Morgridge Institute ran Cycle Computing software atop Amazon Web Services to build a cell knowledge base that, over time, could help doctors build the tissue types they need to resarch and cure disease in a petri dish.

Understanding the nature of human stem cells and being able to identify and compare their characteristics is crucial for medical research.

That’s why Morgridge Institute, a non-profit biomedical researcher based in Madison, WI, used Cycle Computing’s software atop Amazon Web Services infrastructure to process and index human stem cells to build an extensive knowledge base. Morgridge won Cycle Computing’s Big Science Challenge earlier this year which gave it access to Cycle’s technology and Amazon’s cloud, and it has now completed its run, which topped out at 8,000 cores and represented about a million hours, or 115 compute years of work, according to Jason Stowe, CEO of Cycle Computing. All for $0.0175 per compute hour.

Building an encyclopedia of cells

Morgridge’s goal was to create a knowledge base, or an index of associations between genes and the types of cells those genes could turn into, Stowe explained in an interview. “They can turn into pluripotent stem cells, which are very similar to embryonic cells in that they can potentially differentiate into any sort of cell.” The problem with using adult stem cells in the past was that a liver cell stayed a liver cell — pluripotent cells allow researchers to design the cells they need.

Morgridge Institute’s Victor Ruotti.

Victor Ruotti, molecular biologist at Morgridge, was thrilled to get the resources. “We wanted to take cells and compare them to other cells. We took as many samples as we had and gathered as much information as we could. We compared every cell type to every other tissue we had and built a database to say which cell types there are.”

That accumulated knowledge can help researchers figure out how to build the types of cell structures they need for experimentation and research.

The sample size was not that large, 124 samples, but each sample had more than 20 million data points to be compared. “When you multiply that out, it’s a very complex and resource intensive problem,” Ruotti said. Netted out, that’s a total of 1,003,303 core-hours against 11,955 pairs of samples processed, Cycle said.

The work ran on a mix of Amazon EC2 spot instances, including some high-memory instances on Centos.

Goal: curing disease in a petri dish

“We’re in an exciting phase in stem cell research [with pluripotent cells]. If a doctor needs cardiovascular cells to work on vessel or artery constructions, he can get them,” Ruotti said. “Medicine will change because doctors will be able to treat diseases in a petri dish. We can take a disease and simulate it in the lab, treat it in the lab, hopefully cure it there, and then implement the same cure in patients.”

Cycle Computing is determined to show that important workloads can run efficiently on low-cost public cloud infrastructure. Last year, it helped  Schrödinger Pharmaceutical spin up a 50,000-node Amazon cluster for its computational drug design work.

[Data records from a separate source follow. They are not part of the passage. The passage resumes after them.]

(* Let $n,m_1,\dots,m_n,M\in\mathbb{N}$, let $L=\mathrm{lcm}(m_1,\dots,m_n)$, and write $M=Lk+l$ with $k,l\in\mathbb{Z}^{\ge0}$, $l<L$, and $(n+1)L-(1+m_1+\dots+m_n)=LN+N'$ with $N,N'\in\mathbb{Z}^{\ge0}$, $N'<L$. Then the number of solutions of $$a_0+m_1a_1+\dots+m_na_n=M,\qquad a_0,\dots,a_n\in\mathbb{Z}^{\ge0},$$ equals $\sum_{i=0}^{N} d_{li}\binom{n-i+k}{n}$, where $d_{li}$ denotes the number of solutions of $$l_0+m_1l_1+\dots+m_nl_n=Li+l,\quad l_0\in\{0,\dots,L-1\},\ l_j\in\{0,\dots,L/m_j-1\}\ (j=1,\dots,n).$$
   Context: $\binom{a}{b}$ denotes the binomial coefficient, taken to be $0$ when $0\le a<b$. *)

theory Defs
  imports Main
begin

definition num_solutions :: "nat \<Rightarrow> (nat \<Rightarrow> nat) \<Rightarrow> nat \<Rightarrow> nat" where
  "num_solutions n m M =
     card {a :: nat \<Rightarrow> nat. (\<forall>j>n. a j = 0) \<and> a 0 + (\<Sum>j=1..n. m j * a j) = M}"

definition d_coeff :: "nat \<Rightarrow> (nat \<Rightarrow> nat) \<Rightarrow> nat \<Rightarrow> nat \<Rightarrow> nat \<Rightarrow> nat" where
  "d_coeff n m L l i =
     card {v :: nat \<Rightarrow> nat. (\<forall>j>n. v j = 0) \<and> v 0 < L \<and> (\<forall>j\<in>{1..n}. v j < L div m j)
            \<and> v 0 + (\<Sum>j=1..n. m j * v j) = L * i + l}"

end

theory Submission
  imports Defs
begin

text \<open>Divide every coordinate a_j by L/m_j (with m_0 = 1): the remainders form a reduced solution
  of weight L i + l, the quotients sum to k - i and can be chosen freely, in binomial(k - i + n, n)
  ways. Since the reduced weight is at most (n+1)L - (1 + m_1 + ... + m_n) = L N + N', only
  i \<le> N occurs.\<close>

lemma sum_atMost_split_0:
  fixes f :: "nat \<Rightarrow> 'a::comm_monoid_add"
  shows "(\<Sum>j\<le>n. f j) = f 0 + (\<Sum>j=1..n. f j)"
  by (simp add: atMost_atLeast0 flip: atLeastAtMost_insertL)

definition weighted_solutions :: "nat \<Rightarrow> (nat \<Rightarrow> nat) \<Rightarrow> nat \<Rightarrow> (nat \<Rightarrow> nat) set" where
  "weighted_solutions n c t = {a. (\<forall>j>n. a j = 0) \<and> (\<Sum>j\<le>n. c j * a j) = t}"

definition reduced_solutions :: "nat \<Rightarrow> (nat \<Rightarrow> nat) \<Rightarrow> nat \<Rightarrow> nat \<Rightarrow> (nat \<Rightarrow> nat) set" where
  "reduced_solutions n c L t = {v \<in> weighted_solutions n c t. \<forall>j\<le>n. v j < L div c j}"

lemma card_weighted_solutions_unit:
  "card (weighted_solutions n (\<lambda>_. 1) s) = (s + n) choose n"
proof -
  let ?Q = "weighted_solutions n (\<lambda>_. 1) s"
  let ?Lst = "{xs :: nat list. length xs = Suc n \<and> sum_list xs = s}"
  have sum_list_map: "sum_list (map q [0..<Suc n]) = (\<Sum>j\<le>n. q j)" for q :: "nat \<Rightarrow> nat"
    by (simp add: sum_list_sum_nth atLeast0LessThan lessThan_Suc_atMost del: upt_Suc)
  have "bij_betw (\<lambda>q. map q [0..<Suc n]) ?Q ?Lst"
  proof (rule bij_betw_byWitness[where f' = "\<lambda>xs j. if j \<le> n then xs ! j else 0"])
    show "\<forall>q\<in>?Q. (\<lambda>j. if j \<le> n then map q [0..<Suc n] ! j else 0) = q"
      by (auto simp: weighted_solutions_def fun_eq_iff less_Suc_eq_le simp del: upt_Suc)
    show "\<forall>xs\<in>?Lst. map (\<lambda>j. if j \<le> n then xs ! j else 0) [0..<Suc n] = xs"
      by (auto intro!: nth_equalityI simp del: upt_Suc)
    show "(\<lambda>q. map q [0..<Suc n]) ` ?Q \<subseteq> ?Lst"
      by (auto simp: weighted_solutions_def sum_list_map simp del: upt_Suc)
    show "(\<lambda>xs j. if j \<le> n then xs ! j else 0) ` ?Lst \<subseteq> ?Q"
    proof
      fix q assume "q \<in> (\<lambda>xs j. if j \<le> n then xs ! j else 0) ` ?Lst"
      then obtain xs where len: "length xs = Suc n" and sum: "sum_list xs = s"
        and q: "q = (\<lambda>j. if j \<le> n then xs ! j else 0)" by blast
      have "map q [0..<Suc n] = xs"
        using len q by (auto intro!: nth_equalityI simp del: upt_Suc)
      then show "q \<in> ?Q"
        using sum sum_list_map[of q] q by (simp add: weighted_solutions_def)
    qed
  qed
  then have "card ?Q = card ?Lst" by (rule bij_betw_same_card)
  also have "\<dots> = (s + n) choose s" by (simp add: card_length_sum_list)
  also have "\<dots> = (s + n) choose n" by (simp add: binomial_symmetric[of s "s + n"])
  finally show ?thesis .
qed

lemma weighted_sum_div_mod:
  fixes c a :: "nat \<Rightarrow> nat"
  assumes "\<forall>j\<le>n. c j dvd L"
  shows "(\<Sum>j\<le>n. c j * a j)
    = L * (\<Sum>j\<le>n. a j div (L div c j)) + (\<Sum>j\<le>n. c j * (a j mod (L div c j)))"
proof -
  have "c j * a j = L * (a j div (L div c j)) + c j * (a j mod (L div c j))" if "j \<le> n" for j
  proof -
    have "c j * (L div c j) = L" using assms that by simp
    then show ?thesis
      by (metis div_mult_mod_eq add_mult_distrib2 mult.assoc mult.commute)
  qed
  then show ?thesis by (simp add: sum.distrib sum_distrib_left)
qed

lemma finite_reduced_solutions: "finite (reduced_solutions n c L t)"
proof (rule finite_subset)
  show "reduced_solutions n c L t
      \<subseteq> {v. \<forall>j. (j \<in> {..n} \<longrightarrow> v j \<in> {..L}) \<and> (j \<notin> {..n} \<longrightarrow> v j = 0)}"
    by (auto simp: reduced_solutions_def weighted_solutions_def
        intro: less_imp_le order.trans[OF _ div_le_dividend])
qed (rule finite_set_of_finite_funs; simp)

lemma reduced_weight_bound:
  assumes dvd: "\<forall>j\<le>n. c j dvd L" and "0 < L" and v: "v \<in> reduced_solutions n c L t"
  shows "t + (\<Sum>j\<le>n. c j) \<le> Suc n * L"
proof -
  have "t + (\<Sum>j\<le>n. c j) = (\<Sum>j\<le>n. c j * (v j + 1))"
    using v by (simp add: reduced_solutions_def weighted_solutions_def sum.distrib)
  also have "\<dots> \<le> (\<Sum>j\<le>n. c j * (L div c j))"
    using v by (intro sum_mono mult_left_mono) (auto simp: reduced_solutions_def)
  also have "\<dots> = Suc n * L" using dvd by simp
  finally show ?thesis .
qed

lemma reduced_solutions_eq_empty:
  assumes dvd: "\<forall>j\<le>n. c j dvd L" and L: "0 < L"
    and split: "Suc n * L = (\<Sum>j\<le>n. c j) + (L * N + N')" and "N' < L" and "N < i"
  shows "reduced_solutions n c L (L * i + l) = {}"
proof (rule ccontr)
  assume "reduced_solutions n c L (L * i + l) \<noteq> {}"
  then obtain v where "v \<in> reduced_solutions n c L (L * i + l)" by blast
  with dvd L have "L * i + l + (\<Sum>j\<le>n. c j) \<le> Suc n * L" by (rule reduced_weight_bound)
  moreover have "L * Suc N = L * N + L" by simp
  ultimately have "L * i < L * Suc N" using split \<open>N' < L\<close> by linarith
  then show False using \<open>N < i\<close> mult_less_cancel1 not_less_eq by blast
qed

lemma reduced_solution_recombine:
  assumes dvd: "\<forall>j\<le>n. c j dvd L" and v: "v \<in> reduced_solutions n c L t" and q: "\<forall>j>n. q j = 0"
  shows "(L div c j * q j + v j) mod (L div c j) = v j"
    and "(L div c j * q j + v j) div (L div c j) = q j"
    and "(\<lambda>j. L div c j * q j + v j) \<in> weighted_solutions n c (L * (\<Sum>j\<le>n. q j) + t)"
proof -
  have mod_div: "(L div c j * q j + v j) mod (L div c j) = v j
      \<and> (L div c j * q j + v j) div (L div c j) = q j" for j
  proof (cases "j \<le> n")
    case True
    then have "v j < L div c j" using v by (simp add: reduced_solutions_def)
    then show ?thesis by simp
  next
    case False
    then show ?thesis using v q by (simp add: reduced_solutions_def weighted_solutions_def)
  qed
  then show "(L div c j * q j + v j) mod (L div c j) = v j"
    and "(L div c j * q j + v j) div (L div c j) = q j" by auto
  have "(\<Sum>j\<le>n. c j * (L div c j * q j + v j)) = L * (\<Sum>j\<le>n. q j) + (\<Sum>j\<le>n. c j * v j)"
    using weighted_sum_div_mod[OF dvd, of "\<lambda>j. L div c j * q j + v j"] mod_div by simp
  then show "(\<lambda>j. L div c j * q j + v j) \<in> weighted_solutions n c (L * (\<Sum>j\<le>n. q j) + t)"
    using v q by (simp add: weighted_solutions_def reduced_solutions_def)
qed

lemma weighted_solution_div_mod:
  assumes dvd: "\<forall>j\<le>n. c j dvd L" and L: "0 < L" and l: "l < L"
    and a: "a \<in> weighted_solutions n c (L * k + l)"
  defines "i \<equiv> (\<Sum>j\<le>n. c j * (a j mod (L div c j))) div L"
  shows "i \<le> k" and "(\<lambda>j. a j mod (L div c j)) \<in> reduced_solutions n c L (L * i + l)"
    and "(\<lambda>j. a j div (L div c j)) \<in> weighted_solutions n (\<lambda>_. 1) (k - i)"
proof -
  define t where "t = (\<Sum>j\<le>n. c j * (a j mod (L div c j)))"
  define s where "s = (\<Sum>j\<le>n. a j div (L div c j))"
  have vanish: "\<forall>j>n. a j = 0" using a by (simp add: weighted_solutions_def)
  have split: "L * s + t = L * k + l"
    using a weighted_sum_div_mod[OF dvd, of a] by (simp add: weighted_solutions_def s_def t_def)
  have "t mod L = (L * s + t) mod L" by simp
  also have "\<dots> = l" using split l by simp
  finally have t: "t = L * i + l" unfolding i_def t_def by (metis div_mult_mod_eq mult.commute)
  with split have "L * (s + i) = L * k" by (simp add: add_mult_distrib2)
  then have "s + i = k" using L by simp
  then show "i \<le> k" and "(\<lambda>j. a j div (L div c j)) \<in> weighted_solutions n (\<lambda>_. 1) (k - i)"
    using vanish by (auto simp: weighted_solutions_def s_def)
  have "a j mod (L div c j) < L div c j" if "j \<le> n" for j
    using dvd L that by (metis mod_less_divisor dvd_div_mult_self mult_0 neq0_conv)
  then show "(\<lambda>j. a j mod (L div c j)) \<in> reduced_solutions n c L (L * i + l)"
    using vanish t by (simp add: reduced_solutions_def weighted_solutions_def t_def)
qed

lemma card_weighted_solutions_eq_sum_reduced:
  assumes dvd: "\<forall>j\<le>n. c j dvd L" and L: "0 < L" and l: "l < L"
  shows "card (weighted_solutions n c (L * k + l))
    = (\<Sum>i\<le>k. card (reduced_solutions n c L (L * i + l)) * ((k - i + n) choose n))"
proof -
  define A where "A = weighted_solutions n c (L * k + l)"
  define B where "B = (SIGMA i:{..k}. reduced_solutions n c L (L * i + l)
                                    \<times> weighted_solutions n (\<lambda>_. 1) (k - i))"
  define f where "f a = ((\<Sum>j\<le>n. c j * (a j mod (L div c j))) div L,
                        \<lambda>j. a j mod (L div c j), \<lambda>j. a j div (L div c j))" for a :: "nat \<Rightarrow> nat"
  define g where "g = (\<lambda>(i :: nat, v, q) j. (L div c j) * q j + v j :: nat)"
  have "bij_betw f A B"
  proof (rule bij_betw_byWitness[of A g f B])
    show "\<forall>a\<in>A. g (f a) = a" unfolding f_def g_def by (simp only: prod.case mult_div_mod_eq) simp
    show "f ` A \<subseteq> B"
      using weighted_solution_div_mod[OF dvd L l] by (auto simp: A_def B_def f_def)
    show "\<forall>x\<in>B. f (g x) = x" and "g ` B \<subseteq> A"
    proof safe
      fix i v q assume "(i, v, q) \<in> B"
      then have i: "i \<le> k" and v: "v \<in> reduced_solutions n c L (L * i + l)"
        and q: "q \<in> weighted_solutions n (\<lambda>_. 1) (k - i)"
        by (auto simp: B_def)
      have q0: "\<forall>j>n. q j = 0" using q by (simp add: weighted_solutions_def)
      note recombine = reduced_solution_recombine[OF dvd v q0]
      have gx: "g (i, v, q) = (\<lambda>j. L div c j * q j + v j)" by (simp add: g_def)
      have "(\<Sum>j\<le>n. c j * v j) = L * i + l"
        using v by (simp add: reduced_solutions_def weighted_solutions_def)
      then show "f (g (i, v, q)) = (i, v, q)"
        unfolding f_def gx recombine(1,2) using l by simp
      have "L * (\<Sum>j\<le>n. q j) + (L * i + l) = L * k + l"
        using q i by (simp add: weighted_solutions_def flip: add_mult_distrib2)
      then show "g (i, v, q) \<in> A"
        using recombine(3) unfolding A_def gx by metis
    qed
  qed
  then have "card A = card B" by (rule bij_betw_same_card)
  also have "\<dots> = (\<Sum>i\<le>k. card (reduced_solutions n c L (L * i + l))
                          * card (weighted_solutions n (\<lambda>_. 1) (k - i)))"
  proof -
    have "finite (weighted_solutions n (\<lambda>_. 1) s)" for s
      by (rule card_ge_0_finite) (unfold card_weighted_solutions_unit, simp)
    then show ?thesis
      unfolding B_def by (simp add: card_cartesian_product finite_reduced_solutions)
  qed
  finally show ?thesis unfolding A_def card_weighted_solutions_unit .
qed

lemma sum_binomial_truncate:
  fixes D :: "nat \<Rightarrow> nat"
  assumes D: "\<forall>i>N. D i = 0" and "N \<le> n"
  shows "(\<Sum>i\<le>k. D i * ((k - i + n) choose n)) = (\<Sum>i=0..N. D i * ((n - i + k) choose n))"
proof -
  have "(\<Sum>i\<le>k. D i * ((k - i + n) choose n)) = (\<Sum>i\<le>min k N. D i * ((k - i + n) choose n))"
    using D by (intro sum.mono_neutral_right) auto
  also have "\<dots> = (\<Sum>i\<le>min k N. D i * ((n - i + k) choose n))"
    using \<open>N \<le> n\<close> by (intro sum.cong) (auto simp: add.commute)
  also have "\<dots> = (\<Sum>i=0..N. D i * ((n - i + k) choose n))"
    using \<open>N \<le> n\<close> by (intro sum.mono_neutral_left) auto
  finally show ?thesis .
qed

lemma sum_fun_upd_0_mult:
  fixes m a :: "nat \<Rightarrow> nat"
  shows "(\<Sum>j\<le>n. (m(0 := 1)) j * a j) = a 0 + (\<Sum>j=1..n. m j * a j)"
  unfolding sum_atMost_split_0[of _ n] by simp

lemma num_solutions_eq_card_weighted_solutions:
  "num_solutions n m M = card (weighted_solutions n (m(0 := 1)) M)"
  unfolding num_solutions_def weighted_solutions_def sum_fun_upd_0_mult ..

lemma d_coeff_eq_card_reduced_solutions:
  "d_coeff n m L l i = card (reduced_solutions n (m(0 := 1)) L (L * i + l))"
proof -
  have "(\<forall>j\<le>n. P j) \<longleftrightarrow> P 0 \<and> (\<forall>j\<in>{1..n}. P j)" for P
    by (auto simp: Suc_le_eq)
  then show ?thesis
    unfolding d_coeff_def reduced_solutions_def weighted_solutions_def sum_fun_upd_0_mult
    by (auto intro!: arg_cong[where f = card])
qed

theorem proposition3p2:
  fixes n M k l N N' L :: nat and m :: "nat \<Rightarrow> nat"
  assumes pos: "\<forall>j\<in>{1..n}. m j \<ge> 1"
    and L_def: "L = Lcm (m ` {1..n})"
    and M_eq: "M = L * k + l" and l_lt: "l < L"
    and N_eq: "int ((n + 1) * L) - int (1 + (\<Sum>j=1..n. m j)) = int (L * N + N')"
    and N'_lt: "N' < L"
  shows "num_solutions n m M = (\<Sum>i=0..N. d_coeff n m L l i * ((n - i + k) choose n))"
proof -
  define c where "c = m(0 := 1)"
  have "0 \<notin> m ` {1..n}" using pos by force
  then have L_pos: "0 < L" using L_def by (metis Lcm_0_iff finite_atLeastAtMost finite_imageI gr0I)
  have dvd: "\<forall>j\<le>n. c j dvd L" using L_def by (auto simp: c_def dvd_Lcm)
  have "(n + 1) * L = 1 + (\<Sum>j=1..n. m j) + (L * N + N')" using N_eq by linarith
  moreover have sum_c: "(\<Sum>j\<le>n. c j) = 1 + (\<Sum>j=1..n. m j)"
    by (simp add: sum_atMost_split_0 c_def)
  ultimately have split: "Suc n * L = (\<Sum>j\<le>n. c j) + (L * N + N')" by simp
  have d_coeff: "d_coeff n m L l i = card (reduced_solutions n c L (L * i + l))" for i
    unfolding c_def by (rule d_coeff_eq_card_reduced_solutions)
  have D: "\<forall>i>N. d_coeff n m L l i = 0"
    using reduced_solutions_eq_empty[OF dvd L_pos split N'_lt] by (simp add: d_coeff)
  have "L * N < L * Suc n" using split sum_c by (simp add: mult.commute)
  then have "N \<le> n" using mult_less_cancel1 less_Suc_eq_le by blast
  have "num_solutions n m M = card (weighted_solutions n c (L * k + l))"
    unfolding c_def M_eq by (rule num_solutions_eq_card_weighted_solutions)
  also have "\<dots> = (\<Sum>i\<le>k. d_coeff n m L l i * ((k - i + n) choose n))"
    unfolding d_coeff by (rule card_weighted_solutions_eq_sum_reduced[OF dvd L_pos l_lt])
  also have "\<dots> = (\<Sum>i=0..N. d_coeff n m L l i * ((n - i + k) choose n))"
    using sum_binomial_truncate[OF D \<open>N \<le> n\<close>] .
  finally show ?thesis .
qed

end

“We did a large run for a Big 5 pharma last year and the most common comment we got from the articles was, ‘I wonder if I could play “Call of Duty 4″ on this massive supercomputer.'” Stowe said. “What worried me about all the glitter was people would miss what is truly gold, which is that scientists can access world-class compute infrastructure at very reasonable cost and in a short time frame.”